Scientific evaluation 
Until 1942 pioneer geodesist Otto von Gruber produced detailed topographical maps of eastern New Swabia at a scale of 1: 50,000 and an overview map of all explored territories. Among the newly discovered areas were, for example, the Kraul Mountains, named after whaling expert and pilot Otto Kraul. The evaluation of the results in western New Swabia was interrupted by World War II and a large part of the 11,600 oblique aerial photographs were lost during the war. In addition to the images and maps published by Ritscher, only about 1100 aerial photos survived the war, but these were only rediscovered and evaluated in 1982. The results of the biological, geophysical and meteorological investigations were only published after the war between 1954 and 1958. Captain Ritscher did in fact prepare another expedition with improved, lighter aircraft on skids, which however was never carried out due to the outbreak of the Second World War.

Public perception 

As a result of great secrecy and relatively little time for preparation, the enterprise completely escaped any advanced public attention as the MS Schwabenland embarked unnoticed.

The first report of the expedition was telegraphed only during the return journey from Cape Town to Helmut Wohlthat, who published a press release on March 6, 1939. As in Great Britain the Daily Telegraph and in the USA the New York Times reported on the expedition in reference to the Norwegian occupation of the area, only the Hamburg local press took notice of the expedition's return to Germany. On May 25, 1939, the Berliner Illustrirte Zeitung magazine published a small-scale map of the mountains discovered and the flight polygons without authorization by the expedition leader. The map was drawn by the aircraft mechanic Franz Preuschoff and is as such referred to as the "Preuschoff map". This map was incorporated in the 1939 1: 10,000,000 scale map of Antarctica  by Australian cartographer E. P. Bayliss.

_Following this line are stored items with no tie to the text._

(* Let $\kappa$ be an infinite cardinal. Then $2^\kappa\nrightarrow(\omega)_\kappa^{\mathrm{AFP}}$. In fact: if $G$ is any abelian group (written additively) with $|G|=2^\kappa$, then there is a colouring $c:G\to\kappa$ such that for all nonzero $x,y\in G$, $c(x)=c(y)$ implies $c(x)\neq c(x+y)$.
   Context: For a group $G$, an ordinal $\mu$ and a $\mu$-sequence $(g_\alpha\mid\alpha<\mu)$ of elements of $G$, its set of adjacent finite products is $\mathrm{AFP}(g_\alpha\mid\alpha<\mu)=\{g_\alpha g_{\alpha+1}\cdots g_{\alpha+n}\mid \alpha<\mu,\ n<\omega\}$ (all indices lying below $\mu$). For a group $G$, an ordinal $\mu$ and a cardinal $\kappa$, $G\rightarrow(\mu)_\kappa^{\mathrm{AFP}}$ means: for every colouring $c:G\to\kappa$ there is an injective $\mu$-sequence $(g_\alpha\mid\alpha<\mu)$ of elements of $G$ such that $\mathrm{AFP}(g_\alpha\mid\alpha<\mu)$ is monochromatic for $c$. For a cardinal $\lambda$, $\lambda\rightarrow(\mu)_\kappa^{\mathrm{AFP}}$ means that $G\rightarrow(\mu)_\kappa^{\mathrm{AFP}}$ holds for every group $G$ with $|G|=\lambda$; $\lambda\nrightarrow(\mu)_\kappa^{\mathrm{AFP}}$ is its negation. *)

theory Defs
  imports "HOL-Algebra.Group" "HOL-Library.Equipollence" "HOL-Library.FuncSet"
begin

fun afp_prod :: "('a, 'b) monoid_scheme \<Rightarrow> (nat \<Rightarrow> 'a) \<Rightarrow> nat \<Rightarrow> nat \<Rightarrow> 'a" where
  "afp_prod G g a 0 = g a"
| "afp_prod G g a (Suc n) = afp_prod G g a n \<otimes>\<^bsub>G\<^esub> g (a + Suc n)"

definition AFP :: "('a, 'b) monoid_scheme \<Rightarrow> (nat \<Rightarrow> 'a) \<Rightarrow> 'a set" where
  "AFP G g = {afp_prod G g a n | a n. True}"

text \<open>G \<rightarrow> (omega)^AFP_kappa, where the cardinal kappa is represented by a set K of that size.\<close>
definition AFP_arrow_omega :: "('a, 'b) monoid_scheme \<Rightarrow> 'k set \<Rightarrow> bool" where
  "AFP_arrow_omega G K \<longleftrightarrow>
     (\<forall>c \<in> carrier G \<rightarrow> K. \<exists>g :: nat \<Rightarrow> 'a.
        inj g \<and> range g \<subseteq> carrier G \<and> (\<exists>col. \<forall>x \<in> AFP G g. c x = col))"

end

theory Submission
  imports Defs "HOL-Algebra.Free_Abelian_Groups" "HOL-Algebra.Multiplicative_Group"
    "HOL-Library.Function_Algebras" "HOL-Library.Product_Plus"
begin

(* Every abelian group G embeds into the finitely supported functions G \<rightarrow> Q/Z \<times> Q: by Zorn,
   adjoining one element at a time and using that Q/Z \<times> Q is divisible and contains a copy of
   every cyclic group.  Fix an injection e of G into Pow K.  Colour a nonzero finitely supported v
   by (F, e s \<inter> F, v s), where F is a finite subset of K on which the sets e t, t \<in> supp v,
   have pairwise distinct traces and s is some point of supp v; there are only |K| such colours.
   If u, v and u + v all had colour (F, T, a), then summing each of them over the indices
   t \<in> supp u \<union> supp v whose trace e t \<inter> F is T would pick out exactly its value at its own
   pivot, giving a + a = a, contradicting a \<noteq> 0.  Finally, a colouring without monochromatic
   x, y, x y rules out an injective sequence with monochromatic AFP, which would contain
   g a, g (a + 1) and g a g (a + 1). *)

quotient_type coef = "rat \<times> rat" / "\<lambda>p q. fst p - fst q \<in> \<int> \<and> snd p = snd q"
proof (rule equivpI)
  show "reflp (\<lambda>p q. fst p - fst q \<in> \<int> \<and> snd p = snd q)"
    by (rule reflpI) simp
  show "symp (\<lambda>p q. fst p - fst q \<in> \<int> \<and> snd p = snd q)"
    by (rule sympI) (metis minus_diff_eq minus_in_Ints_iff)
  show "transp (\<lambda>p q. fst p - fst q \<in> \<int> \<and> snd p = snd q)"
    by (rule transpI) (auto dest: Ints_add)
qed

instantiation coef :: ab_group_add
begin

lift_definition zero_coef :: coef is 0 .

lift_definition plus_coef :: "coef \<Rightarrow> coef \<Rightarrow> coef" is "(+)"
proof (elim conjE, intro conjI)
  fix p p' q q' :: "rat \<times> rat"
  assume "fst p - fst p' \<in> \<int>" "fst q - fst q' \<in> \<int>"
  then have "(fst p - fst p') + (fst q - fst q') \<in> \<int>" by (rule Ints_add)
  then show "fst (p + q) - fst (p' + q') \<in> \<int>" by (simp add: algebra_simps)
qed simp

lift_definition uminus_coef :: "coef \<Rightarrow> coef" is uminus
  by (simp, metis minus_diff_eq minus_in_Ints_iff)

lift_definition minus_coef :: "coef \<Rightarrow> coef \<Rightarrow> coef" is "(-)"
proof (elim conjE, intro conjI)
  fix p p' q q' :: "rat \<times> rat"
  assume "fst p - fst p' \<in> \<int>" "fst q - fst q' \<in> \<int>"
  then have "(fst p - fst p') - (fst q - fst q') \<in> \<int>" by (rule Ints_diff)
  then show "fst (p - q) - fst (p' - q') \<in> \<int>" by (simp add: algebra_simps)
qed simp

instance
  by standard (transfer; simp add: algebra_simps)+

end

lift_definition Coef :: "rat \<Rightarrow> rat \<Rightarrow> coef" is Pair .

lift_definition zscale :: "int \<Rightarrow> coef \<Rightarrow> coef" is "\<lambda>k p. (of_int k * fst p, of_int k * snd p)"
proof (elim conjE, intro conjI)
  fix k :: int and p q :: "rat \<times> rat"
  assume "fst p - fst q \<in> \<int>"
  then have "of_int k * (fst p - fst q) \<in> \<int>" by (simp add: Ints_mult)
  then show "fst (of_int k * fst p, of_int k * snd p) - fst (of_int k * fst q, of_int k * snd q) \<in> \<int>"
    by (simp add: algebra_simps)
qed simp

A reference to the expedition was posted in the Berlin Zoological Garden in front of the Emperor penguin enclosure. The penguins had been caught by Lufthansa flight captain Rudolf Mayr, flight mechanic Franz Preuschoff and zoologist Erich Barkley and arrived in Cuxhaven on April 12, 1939. The expedition geologist Ernst Herrmann, published the only popular science book for a wider audience for more than 60 years in 1941. Due to the lack of information during the following decades, myths and conspiracy theories eventually developed around the expedition and Neuschwabenland.

Although Germany issued a decree about the establishment of a German Antarctic Sector called New Swabia after the expedition's return in August 1939 no official territorial claims were ever advanced for the region, abandoned in 1945 and never revoked since. No whaling station or other lasting structure was built by Germany until the Georg-von-Neumayer-Station, a research facility, established in 1981. The current Neumayer-Station III is also located in the region.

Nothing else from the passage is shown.